Uma professora de português que conheço muito bem... contou-me esta história, a mim, Nadinha. E falou assim.
Tive, há uns anos, uma turma péssima de 10º ano. Muitos alunos tinham notas a português entre dois e cinco valores e quase todos tinham estas notas a matemática. No meio disto tudo, havia a Vera, uma aluna que, quando todos tinham negativa e ela tinha 17, tentava tirar 18 ou 19, tendo acabado o 12º com vintes.
No fim do ano, alguns dos piores alunos resolveram assistir às aulas de apoio que eu podia dar, gratuitamente, se tivesse "fregueses" e, a partir daí, portaram-se muito pior nas aulas, dizendo que, como iam ao apoio, já não precisavam de se esforçar mais.
Um dia, fizeram-me queixa da Vera:
- Ela tem a mania de imitar uma mula nas aulas e os professores nem desconfiam dela e ralham connosco. É claro que nós não fazemos queixa...
Perguntei-lhes várias vezes por que razão não faziam queixa e eles deram sempre boas razões, bondosas e muito solidárias, sem aparentemente se darem conta de que, ao contarem-me a mim, estavam a fazer queixa...
- Mas eu nunca ouvi esse ruído da mula. - Respondi, tentando disfarçar a vontade de rir.
- Ela nas suas aulas não imita uma mula porque gosta muito de si e está sempre a falar de si e a dizer isso.
- Mas o que é isso de imitar a mula?
- Zurra.
- Ah! Zurra?! Mas isso não é imitar um burro? - Perguntei.
- Sim, também pode ser...
- Eu já reparei que ela fica muito aborrecida quando vocês dizem asneiras ou exprimem ideias parvas, racistas, por exemplo. Não será nessa altura que ela "imita a mula"?
- Sim, talvez...
- E vocês não percebem que ela vos está a chamar burros?
- Ah! Pois é! Pode ser... Havemos de reparar quando é que ela faz isso... - iam dizendo eles entre si, muito consternados.
Eu tinha muita pena desta rapariga, caída no meio daquela cambada de ignorantes e parvos, muito enfadada, mas ela não se deixava influenciar nada por ninguém, nunca. E divertia-se à sua maneira. Um dia, no fim do ano, uma colega pediu-lhe que lhe fizesse um trabalho para me apresentar, a ver se não reprovava.
O trabalho estava invulgarmente bem redigido, mas aparecia nele várias vezes a palavra vera, com o sentido de verdadeira, autêntica, etc... a amiga também não reparou nesta assinatura... e eu não podia afirmar que fosse uma assinatura, nem tinha provas de que o trabalho não tinha sido feito por ela... de facto, o único defeito do texto era a repetição excessiva desta palavra.

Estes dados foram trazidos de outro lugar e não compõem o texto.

text \<open>Derived series of the Poisson n-Lie algebra; index 0 corresponds to the paper's index 1.\<close>
fun poisson_derived ::
  "('k::field \<Rightarrow> 'v::ab_group_add \<Rightarrow> 'v) \<Rightarrow> ('v \<Rightarrow> 'v \<Rightarrow> 'v) \<Rightarrow> ('v list \<Rightarrow> 'v) \<Rightarrow> nat \<Rightarrow> nat \<Rightarrow> 'v set"
where
  "poisson_derived scale mul br n 0 = UNIV"
| "poisson_derived scale mul br n (Suc k) =
     module.span scale
       ({br (a # b # cs) | a b cs. a \<in> poisson_derived scale mul br n k \<and>
            b \<in> poisson_derived scale mul br n k \<and> length cs = n - 2}
        \<union> {mul a b | a b. a \<in> poisson_derived scale mul br n k \<and>
            b \<in> poisson_derived scale mul br n k})"

fun lie_derived ::
  "('k::field \<Rightarrow> 'v::ab_group_add \<Rightarrow> 'v) \<Rightarrow> ('v list \<Rightarrow> 'v) \<Rightarrow> nat \<Rightarrow> nat \<Rightarrow> 'v set"
where
  "lie_derived scale br n 0 = UNIV"
| "lie_derived scale br n (Suc k) =
     module.span scale
       {br (a # b # cs) | a b cs. a \<in> lie_derived scale br n k \<and>
            b \<in> lie_derived scale br n k \<and> length cs = n - 2}"

definition poisson_solvable where
  "poisson_solvable scale mul br n \<longleftrightarrow> (\<exists>s. poisson_derived scale mul br n s = {0})"

definition lie_solvable where
  "lie_solvable scale br n \<longleftrightarrow> (\<exists>s. lie_derived scale br n s = {0})"

definition assoc_nilpotent :: "('v::zero \<Rightarrow> 'v \<Rightarrow> 'v) \<Rightarrow> bool" where
  "assoc_nilpotent mul \<longleftrightarrow>
     (\<exists>m\<ge>1. \<forall>xs. length xs = m \<longrightarrow> foldl mul (hd xs) (tl xs) = 0)"

end

theory Submission
  imports Defs
begin
(* Let $\pi$ be a representation of a normed $*$-algebra $A$ in a pre-Hilbert space $H$, and assume that $\pi$ is weakly continuous on $A_{sa}$. Then every operator $\pi(a)$ $(a\in A)$ is bounded, and $\|\pi(a)\|\le r_\sigma(a)$ for all $a\in A$.
   Context: All algebras are complex. A normed $*$-algebra is a complex algebra $A$ with an involution $a\mapsto a^*$ (conjugate linear, $(ab)^*=b^*a^*$, $a^{**}=a$) and a norm $|\cdot|$ with $|ab|\le|a||b|$; the involution need not be continuous. $A_{sa}=\{a\in A:a=a^*\}$, viewed as a real normed space. For $a\in A$, $r_\lambda(a):=\inf_{n\ge1}|a^n|^{1/n}$ and $r_\sigma(a):=r_\lambda(a^*a)^{1/2}$. A representation of $A$ in a (complex, not necessarily complete) pre-Hilbert space $H$ is an algebra homomorphism $\pi$ from $A$ into the algebra of all linear operators $H\to H$ such that $\langle\pi(a)x,y\rangle=\langle x,\pi(a^* )y\rangle$ for all $x,y\in H$, $a\in A$. $\pi$ is weakly continuous on $A_{sa}$ if for every $x\in H$ the functional $a\mapsto\langle\pi(a)x,x\rangle$ is continuous on $A_{sa}$ (with respect to the norm of $A$). *)

theory Defs
  imports "HOL-Analysis.Analysis"
begin

text \<open>The carrier is a type 'a with a ring structure (not necessarily
unital), a norm that is submultiplicative (class real_normed_algebra), and in addition a
complex scalar multiplication smul compatible with the real one and with the norm.
The involution star need not be continuous.\<close>

definition complex_normed_algebra :: "(complex \<Rightarrow> 'a::real_normed_algebra \<Rightarrow> 'a) \<Rightarrow> bool" where
  "complex_normed_algebra smul \<longleftrightarrow>
     (\<forall>r a. smul (complex_of_real r) a = r *\<^sub>R a) \<and>
     (\<forall>c a b. smul c (a + b) = smul c a + smul c b) \<and>
     (\<forall>c d a. smul (c + d) a = smul c a + smul d a) \<and>
     (\<forall>c d a. smul (c * d) a = smul c (smul d a)) \<and>
     (\<forall>a. smul 1 a = a) \<and>
     (\<forall>c a b. smul c (a * b) = smul c a * b) \<and>
     (\<forall>c a b. smul c (a * b) = a * smul c b) \<and>
     (\<forall>c a. norm (smul c a) = cmod c * norm a)"

definition normed_star_algebra ::
  "(complex \<Rightarrow> 'a::real_normed_algebra \<Rightarrow> 'a) \<Rightarrow> ('a \<Rightarrow> 'a) \<Rightarrow> bool" where
  "normed_star_algebra smul star \<longleftrightarrow>
     complex_normed_algebra smul \<and>
     (\<forall>a b. star (a + b) = star a + star b) \<and>
     (\<forall>c a. star (smul c a) = smul (cnj c) (star a)) \<and>
     (\<forall>a b. star (a * b) = star b * star a) \<and>
     (\<forall>a. star (star a) = a)"

definition self_adjoint_part :: "('a \<Rightarrow> 'a) \<Rightarrow> 'a set" where
  "self_adjoint_part star = {a. star a = a}"

text \<open>Powers a^n for n \<ge> 1 in a possibly non-unital algebra.\<close>
fun apow :: "'a::times \<Rightarrow> nat \<Rightarrow> 'a" where
  "apow a 0 = a"   \<comment> \<open>junk value, only n \<ge> 1 is used\<close>
| "apow a (Suc 0) = a"
| "apow a (Suc (Suc n)) = a * apow a (Suc n)"

definition r_lambda :: "'a::real_normed_algebra \<Rightarrow> real" where
  "r_lambda a = (INF n\<in>{1..}. norm (apow a n) powr (1 / real n))"

definition r_sigma :: "('a \<Rightarrow> 'a) \<Rightarrow> 'a::real_normed_algebra \<Rightarrow> real" where
  "r_sigma star a = sqrt (r_lambda (star a * a))"

definition pre_hilbert :: "(complex \<Rightarrow> 'h::ab_group_add \<Rightarrow> 'h) \<Rightarrow> ('h \<Rightarrow> 'h \<Rightarrow> complex) \<Rightarrow> bool" where
  "pre_hilbert hsmul ip \<longleftrightarrow>
     (\<forall>c x y. hsmul c (x + y) = hsmul c x + hsmul c y) \<and>
     (\<forall>c d x. hsmul (c + d) x = hsmul c x + hsmul d x) \<and>
     (\<forall>c d x. hsmul (c * d) x = hsmul c (hsmul d x)) \<and>
     (\<forall>x. hsmul 1 x = x) \<and>
     (\<forall>x y z. ip (x + y) z = ip x z + ip y z) \<and>
     (\<forall>c x y. ip (hsmul c x) y = c * ip x y) \<and>
     (\<forall>x y. ip y x = cnj (ip x y)) \<and>
     (\<forall>x. Re (ip x x) \<ge> 0) \<and>
     (\<forall>x. ip x x = 0 \<longrightarrow> x = 0)"

definition hnorm :: "('h \<Rightarrow> 'h \<Rightarrow> complex) \<Rightarrow> 'h \<Rightarrow> real" where
  "hnorm ip x = sqrt (Re (ip x x))"

definition bounded_op :: "('h \<Rightarrow> 'h \<Rightarrow> complex) \<Rightarrow> ('h \<Rightarrow> 'h) \<Rightarrow> bool" where
  "bounded_op ip T \<longleftrightarrow> (\<exists>C. \<forall>x. hnorm ip (T x) \<le> C * hnorm ip x)"

definition op_norm :: "('h \<Rightarrow> 'h \<Rightarrow> complex) \<Rightarrow> ('h \<Rightarrow> 'h) \<Rightarrow> real" where
  "op_norm ip T = (SUP x\<in>{x. hnorm ip x \<le> 1}. hnorm ip (T x))"

definition star_representation ::
  "(complex \<Rightarrow> 'a::real_normed_algebra \<Rightarrow> 'a) \<Rightarrow> ('a \<Rightarrow> 'a) \<Rightarrow>
   (complex \<Rightarrow> 'h::ab_group_add \<Rightarrow> 'h) \<Rightarrow> ('h \<Rightarrow> 'h \<Rightarrow> complex) \<Rightarrow> ('a \<Rightarrow> 'h \<Rightarrow> 'h) \<Rightarrow> bool" where
  "star_representation smul star hsmul ip \<pi> \<longleftrightarrow>
     (\<forall>a x y. \<pi> a (x + y) = \<pi> a x + \<pi> a y) \<and>
     (\<forall>a c x. \<pi> a (hsmul c x) = hsmul c (\<pi> a x)) \<and>
     (\<forall>a b x. \<pi> (a + b) x = \<pi> a x + \<pi> b x) \<and>
     (\<forall>c a x. \<pi> (smul c a) x = hsmul c (\<pi> a x)) \<and>
     (\<forall>a b x. \<pi> (a * b) x = \<pi> a (\<pi> b x)) \<and>
     (\<forall>a x y. ip (\<pi> a x) y = ip x (\<pi> (star a) y))"

definition weakly_continuous_sa ::
  "('a::real_normed_algebra \<Rightarrow> 'a) \<Rightarrow> ('h \<Rightarrow> 'h \<Rightarrow> complex) \<Rightarrow> ('a \<Rightarrow> 'h \<Rightarrow> 'h) \<Rightarrow> bool" where
  "weakly_continuous_sa star ip \<pi> \<longleftrightarrow>
     (\<forall>x. continuous_on (self_adjoint_part star) (\<lambda>a. ip (\<pi> a x) x))"

end

theory Submission
  imports Defs
begin

(* Let h be self-adjoint and T = pi(h); T is a symmetric operator on H.
   For a vector x put g_k = |T^k x|.  Cauchy-Schwarz and symmetry give the log-convexity
   g_(k+1)^2 <= g_k g_(k+2), whence |Tx|^n <= g_n |x|^(n-1), and g_n^2 = <T^(2n) x, x>.
   Weak continuity on A_sa together with homogeneity bounds the quadratic form:
   |<pi(b)x,x>| <= C_x |b| for self-adjoint b.  Hence
     |Tx|^(2n) <= C_x |h^(2n)| |x|^(2n-2),
   and taking n = m j with |h^(2mj)| <= |h^m|^(2j) and letting j grow yields
   |Tx| <= |h^m|^(1/m) |x| for every m, i.e. |pi(h)| <= r_lambda(h).  For arbitrary a,
   |pi(a)x|^2 = <x, pi(a* a)x> <= r_lambda(a* a) |x|^2 = r_sigma(a)^2 |x|^2. *)


section \<open>Pre-Hilbert spaces\<close>

locale pre_hilbert_space =
  fixes hsmul :: "complex \<Rightarrow> 'h::ab_group_add \<Rightarrow> 'h" and ip :: "'h \<Rightarrow> 'h \<Rightarrow> complex"
  assumes pre_hilbert: "pre_hilbert hsmul ip"
begin

lemma ip_addL: "ip (x + y) z = ip x z + ip y z"
  using pre_hilbert unfolding pre_hilbert_def by iprover

lemma ip_smulL: "ip (hsmul c x) y = c * ip x y"
  using pre_hilbert unfolding pre_hilbert_def by iprover

lemma ip_sym: "ip y x = cnj (ip x y)"
  using pre_hilbert unfolding pre_hilbert_def by iprover

lemma ip_self_nonneg: "Re (ip x x) \<ge> 0"
  using pre_hilbert unfolding pre_hilbert_def by iprover

lemma ip_self_eq_0: "ip x x = 0 \<Longrightarrow> x = 0"
  using pre_hilbert unfolding pre_hilbert_def by iprover

lemma ip_zeroL [simp]: "ip 0 y = 0"
  using ip_addL[of 0 0 y] by simp

lemma ip_addR: "ip x (y + z) = ip x y + ip x z"
  using ip_sym[of x "y + z"] ip_addL[of y z x] ip_sym[of x y] ip_sym[of x z] by simp

lemma ip_smulR: "ip x (hsmul c y) = cnj c * ip x y"
  using ip_sym[of x "hsmul c y"] ip_smulL[of c y x] ip_sym[of x y] by simp

lemma Re_ip_commute: "Re (ip y x) = Re (ip x y)"
  using ip_sym[of x y] by simp

lemma ip_zeroR [simp]: "ip x 0 = 0"
  using ip_sym[of x 0] by simp

lemma hnorm_nonneg: "hnorm ip x \<ge> 0"
  unfolding hnorm_def using ip_self_nonneg by simp

lemma hnorm_square: "(hnorm ip x)\<^sup>2 = Re (ip x x)"
  unfolding hnorm_def using ip_self_nonneg by simp

lemma hnorm_eq_0_iff: "hnorm ip x = 0 \<longleftrightarrow> x = 0"
proof
  assume "hnorm ip x = 0"
  then have "Re (ip x x) = 0"
    using hnorm_square[of x] by simp
  moreover have "Im (ip x x) = 0"
    using ip_sym[of x x] by (metis Reals_cnj_iff complex_is_Real_iff)
  ultimately show "x = 0"
    by (intro ip_self_eq_0) (simp add: complex_eq_iff)
qed (simp add: hnorm_def)

lemma Re_ip_real_combination:
  "Re (ip (hsmul (of_real s) u + hsmul (of_real t) v) (hsmul (of_real s) u + hsmul (of_real t) v))
     = s * s * Re (ip u u) + 2 * s * t * Re (ip u v) + t * t * Re (ip v v)"
proof -
  have "ip (hsmul (of_real s) u + hsmul (of_real t) v) (hsmul (of_real s) u + hsmul (of_real t) v)
     = of_real s * (of_real s * ip u u) + of_real s * (of_real t * ip v u)
       + (of_real t * (of_real s * ip u v) + of_real t * (of_real t * ip v v))"
    by (simp only: ip_addL ip_addR ip_smulL ip_smulR complex_cnj_complex_of_real distrib_left)
  then show ?thesis
    using Re_ip_commute[of v u] by (simp add: algebra_simps)
qed

text \<open>Cauchy-Schwarz inequality (real part version), proved by evaluating the nonnegative
  form at |v| u - |u| v.\<close>
lemma cauchy_schwarz: "Re (ip u v) \<le> hnorm ip u * hnorm ip v"
proof (cases "u = 0 \<or> v = 0")
  case True
  then show ?thesis by (auto simp: hnorm_def)
next
  case False
  define s where "s = hnorm ip u"
  define r where "r = hnorm ip v"
  have pos: "s > 0" "r > 0"
    using False hnorm_nonneg hnorm_eq_0_iff unfolding s_def r_def by (auto simp: less_le)
  have uu: "Re (ip u u) = s * s" and vv: "Re (ip v v) = r * r"
    unfolding s_def r_def using hnorm_square by (simp_all add: power2_eq_square)
  have "0 \<le> Re (ip (hsmul (of_real r) u + hsmul (of_real (- s)) v)
                   (hsmul (of_real r) u + hsmul (of_real (- s)) v))"
    by (rule ip_self_nonneg)
  then have "0 \<le> 2 * (r * s) * (r * s - Re (ip u v))"
    unfolding Re_ip_real_combination uu vv by (simp add: algebra_simps)
  then have "Re (ip u v) \<le> r * s"
    using pos mult_pos_pos[OF pos(2) pos(1)] by (auto simp: zero_le_mult_iff)
  then show ?thesis
    unfolding s_def r_def by (simp add: mult.commute)
qed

Vou pedir à Vera que leia isto, a ver se é vero, pois nunca lhe contei esta "não-queixa" que os colegas me fizeram e também tive o cuidado de não a contar aos outros professores da rapariga, a não ser depois de as aulas acabarem.
Há quem chame a isto, e vem a propósito o termo: intelijumência (palavra aglutinada e derivada de jumento).
Pensando melhor, as mulas não zurram, acho eu.